# What you need to do:
There is material below. Print exactly the lines starting at the line with "by (intro caext_inv_fun_upd) auto" and ending at the line with "case (EqR I a c A \<pi> b i)", ends included, and no others.

# Supplied data:

lemma read_reasons_exist_fun_upd:
  assumes "read_reasons_exist \<pi>" and "sort_of x = Some Arr"
    and link: "\<forall>b i. t = Rd b i \<longrightarrow> x = b \<or> \<pi> (c, Rd b i) \<noteq> None"
    and fresh: "\<pi> (x, t) = None \<or> t = x \<or> (\<exists>i. t = Rd x i)"
  shows "read_reasons_exist (\<pi>((x, t) := Some (r, c)))"
  unfolding read_reasons_exist_def
proof (intro allI impI)
  let ?\<pi>' = "\<pi>((x, t) := Some (r, c))"
  fix a b i
  assume "?\<pi>' (a, Rd b i) \<noteq> None"
  show "\<exists>r'. reason ?\<pi>' a (Rd b i) r'"
  proof (cases "(a, Rd b i) = (x, t)")
    case new: True
    show ?thesis
    proof (cases "a = b")
      case True
      with new show ?thesis by (intro exI[of _ Tru] reason.base) auto
    next
      case False
      with new link obtain r' where "reason \<pi> c (Rd b i) r'"
        using \<open>read_reasons_exist \<pi>\<close> unfolding read_reasons_exist_def by blast
      then have "reason ?\<pi>' c (Rd b i) r'"
        using fresh by (rule reason_fun_upd)
      with new False \<open>sort_of x = Some Arr\<close> show ?thesis
        by (intro exI[of _ "Conj r' r"] reason.step[of _ _ _ r c]) (auto split: if_splits)
    qed
  next
    case False
    with \<open>?\<pi>' (a, Rd b i) \<noteq> None\<close> have "\<pi> (a, Rd b i) \<noteq> None"
      by (simp del: not_None_eq split: if_splits)
    then obtain r' where "reason \<pi> a (Rd b i) r'"
      using \<open>read_reasons_exist \<pi>\<close> unfolding read_reasons_exist_def by blast
    then show ?thesis
      using fresh by (blast intro: reason_fun_upd)
  qed
qed

fun caext_inv :: "'v config \<Rightarrow> bool" where
  "caext_inv Unsat \<longleftrightarrow> True"
| "caext_inv (Cfg A Io \<pi>) \<longleftrightarrow> (\<forall>p\<in>A. sorted_fm p)
     \<and> sorted_entries \<pi> \<and> read_links_closed \<pi> \<and> read_reasons_exist \<pi>"

lemma pi0_invariants [simp]: "sorted_entries pi0" "read_links_closed pi0" "read_reasons_exist pi0"
  unfolding pi0_def sorted_entries_def read_links_closed_def read_reasons_exist_def by auto

lemma caext_inv_init: "input_ok A \<Longrightarrow> caext_inv (init A)"
  unfolding input_ok_def init_def by (auto intro: wf_fm_imp_sorted_fm)

lemma caext_inv_fun_upd:
  assumes "caext_inv (Cfg A Io \<pi>)"
    and "sort_of x = Some Arr" and "sort_of t \<noteq> None" and "sort_of c = Some Arr" and "sorted_fm r"
    and "\<forall>b i. t = Rd b i \<longrightarrow> x = b \<or> (\<pi> (c, Rd b i) \<noteq> None \<and> read_link r x c i)"
    and "\<pi> (x, t) = None \<or> t = x \<or> (\<exists>i. t = Rd x i)"
  shows "caext_inv (Cfg A Io (\<pi>((x, t) := Some (r, c))))"
  using assms
  by (auto intro!: sorted_entries_fun_upd read_links_closed_fun_upd read_reasons_exist_fun_upd)

lemma caext_inv_term_sort: "caext_inv (Cfg A Io \<pi>) \<Longrightarrow> t \<in> T A \<Longrightarrow> sort_of t \<noteq> None"
  by (metis caext_inv.simps(2) sort_of_mem_T)

lemma caext_inv_root_entry:
  assumes "caext_inv (Cfg A Io \<pi>)" and "sort_of x = Some Arr" and "sort_of t \<noteq> None"
    and "t = x \<or> (\<exists>i. t = Rd x i)"
  shows "caext_inv (Cfg A Io (\<pi>((x, t) := Some (Tru, x))))"
  using assms by (intro caext_inv_fun_upd) (auto split: if_splits)

lemma caext_inv_link_entry:
  assumes "caext_inv (Cfg A Io \<pi>)" and "\<pi> (c, t) \<noteq> None" and "\<pi> (x, t) = None"
    and "sort_of x = Some Arr" and "sorted_fm r" and "\<forall>b i. t = Rd b i \<longrightarrow> read_link r x c i"
  shows "caext_inv (Cfg A Io (\<pi>((x, t) := Some (r, c))))"
proof -
  from assms(1,2) obtain r' c' where "\<pi> (c, t) = Some (r', c')"
    by auto
  with assms(1) have "sort_of c = Some Arr" "sort_of t \<noteq> None"
    by (auto dest: sorted_entriesD)
  with assms show ?thesis
    by (intro caext_inv_fun_upd) auto
qed

lemma caext_step_inv: "caext_step C C' \<Longrightarrow> caext_inv C \<Longrightarrow> caext_inv C'"
proof (induction rule: caext_step.induct)
  case (InitR a i A Io \<pi>)
  then have "sort_of (Rd a i) \<noteq> None" by (metis caext_inv_term_sort)
  with InitR show ?case by (intro caext_inv_root_entry) (auto split: if_splits)
next
  case (InitW s a i u A Io \<pi>)
  then have "sort_of s \<noteq> None" by (metis caext_inv_term_sort)
  with InitW show ?case by (intro caext_inv_root_entry) (auto split: if_splits)
next
  case (InitC v A Io \<pi>)
  then have "sort_of (CA v) \<noteq> None" by (metis caext_inv_term_sort)
  with InitC show ?case by (intro caext_inv_root_entry) (auto split: if_splits)
next
  case (RowD I i j \<pi> a u b A)
  then show ?case
    by (intro caext_inv_link_entry) (auto simp: read_link_def dest: sorted_entriesD split: if_splits)
next
  case (RowU I i j a u A \<pi> b)
  then have "sort_of (Wr a j u) \<noteq> None" by (metis caext_inv_term_sort)
  with RowU show ?case
    by (intro caext_inv_link_entry) (auto simp: read_link_def dest: sorted_entriesD split: if_splits)
next
  case (EqR I a c A \<pi> b i)
  then show ?case by (intro caext_inv_link_entry) (auto simp: read_link_def TA_def)
next
  case (EqL I a c A \<pi> b i)
  then show ?case by (intro caext_inv_link_entry) (auto simp: read_link_def TA_def)
next
  case (CowD \<pi> a j u v S ks I A)
  then show ?case
    by (intro caext_inv_link_entry) (auto dest: sorted_entriesD split: if_splits)
next
  case (CowU \<pi> a v j u A S ks I)
  then have "sort_of (Wr a j u) \<noteq> None" by (metis caext_inv_term_sort)
  with CowU show ?case by (intro caext_inv_link_entry) (auto split: if_splits)
next
  case (CEqR I a c A \<pi> v)
  then show ?case by (intro caext_inv_link_entry) (auto simp: TA_def)
next
  case (CEqL I a c A \<pi> v)
  then show ?case by (intro caext_inv_link_entry) (auto simp: TA_def)
next
  case (CongR I i k \<pi> a b c r1 r2 A)
  then show ?case
    by (auto intro: sorted_fm_reason dest: sorted_entriesD split: if_splits)
next
  case (DisEq I a c A \<pi>)
  then show ?case by (auto simp: TA_def)
next
  case (Roc \<pi> v b i I r A)
  then show ?case
    by (auto intro: sorted_fm_reason dest: sorted_entriesD split: if_splits)
next
  case (CongC \<pi> a v w I S1 S2 ks r1 r2 A)
  then have "sorted_fm (exdist ks)"
    by (auto intro!: sorted_fm_exdist dest: sort_of_upd_index)
  with CongC show ?case
    by (auto intro: sorted_fm_reason dest: sorted_entriesD split: if_splits)
qed auto

lemma caext_inv_reachable:
  assumes "input_ok A" and "caext_step\<^sup>*\<^sup>* (init A) C"
  shows "caext_inv C"
  using assms(2) caext_inv_init[OF assms(1)]
  by (induction rule: rtranclp_induct) (auto intro: caext_step_inv)

theorem mainTheorem4:
  fixes A0 :: "fm set" and C :: "'v config"
  assumes "input_ok A0"
    and "caext_step\<^sup>*\<^sup>* (init A0) C"
    and "C \<noteq> Unsat"
  shows "\<forall>A Io \<pi>. C = Cfg A Io \<pi> \<longrightarrow>
     (\<forall>a b i. sort_of a = Some Arr \<and> sort_of b = Some Arr \<and> sort_of i = Some Idx
        \<and> \<pi> (a, Rd b i) \<noteq> None \<longrightarrow>
          (\<exists>r. reason \<pi> a (Rd b i) r) \<and>
          (\<forall>r. reason \<pi> a (Rd b i) r \<longrightarrow>
             tvalid TYPE('w) (Imp r (Eq (Rd a i) (Rd b i)))))"
proof (intro allI impI conjI)
  fix A Io \<pi> a b i
  assume "C = Cfg A Io \<pi>"
  with caext_inv_reachable[OF assms(1,2)]
  have inv: "sorted_entries \<pi>" "read_links_closed \<pi>" "read_reasons_exist \<pi>"
    by simp_all
  assume "sort_of a = Some Arr \<and> sort_of b = Some Arr \<and> sort_of i = Some Idx
    \<and> \<pi> (a, Rd b i) \<noteq> None"
  with inv(3) show "\<exists>r. reason \<pi> a (Rd b i) r"
    unfolding read_reasons_exist_def by blast
  fix r
  assume "reason \<pi> a (Rd b i) r"
  with inv(1,2) show "tvalid TYPE('w) (Imp r (Eq (Rd a i) (Rd b i)))"
    by (rule reason_read_valid)
qed

end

# Response box:
    by (intro caext_inv_fun_upd) auto
qed

lemma caext_step_inv: "caext_step C C' \<Longrightarrow> caext_inv C \<Longrightarrow> caext_inv C'"
proof (induction rule: caext_step.induct)
  case (InitR a i A Io \<pi>)
  then have "sort_of (Rd a i) \<noteq> None" by (metis caext_inv_term_sort)
  with InitR show ?case by (intro caext_inv_root_entry) (auto split: if_splits)
next
  case (InitW s a i u A Io \<pi>)
  then have "sort_of s \<noteq> None" by (metis caext_inv_term_sort)
  with InitW show ?case by (intro caext_inv_root_entry) (auto split: if_splits)
next
  case (InitC v A Io \<pi>)
  then have "sort_of (CA v) \<noteq> None" by (metis caext_inv_term_sort)
  with InitC show ?case by (intro caext_inv_root_entry) (auto split: if_splits)
next
  case (RowD I i j \<pi> a u b A)
  then show ?case
    by (intro caext_inv_link_entry) (auto simp: read_link_def dest: sorted_entriesD split: if_splits)
next
  case (RowU I i j a u A \<pi> b)
  then have "sort_of (Wr a j u) \<noteq> None" by (metis caext_inv_term_sort)
  with RowU show ?case
    by (intro caext_inv_link_entry) (auto simp: read_link_def dest: sorted_entriesD split: if_splits)
next
  case (EqR I a c A \<pi> b i)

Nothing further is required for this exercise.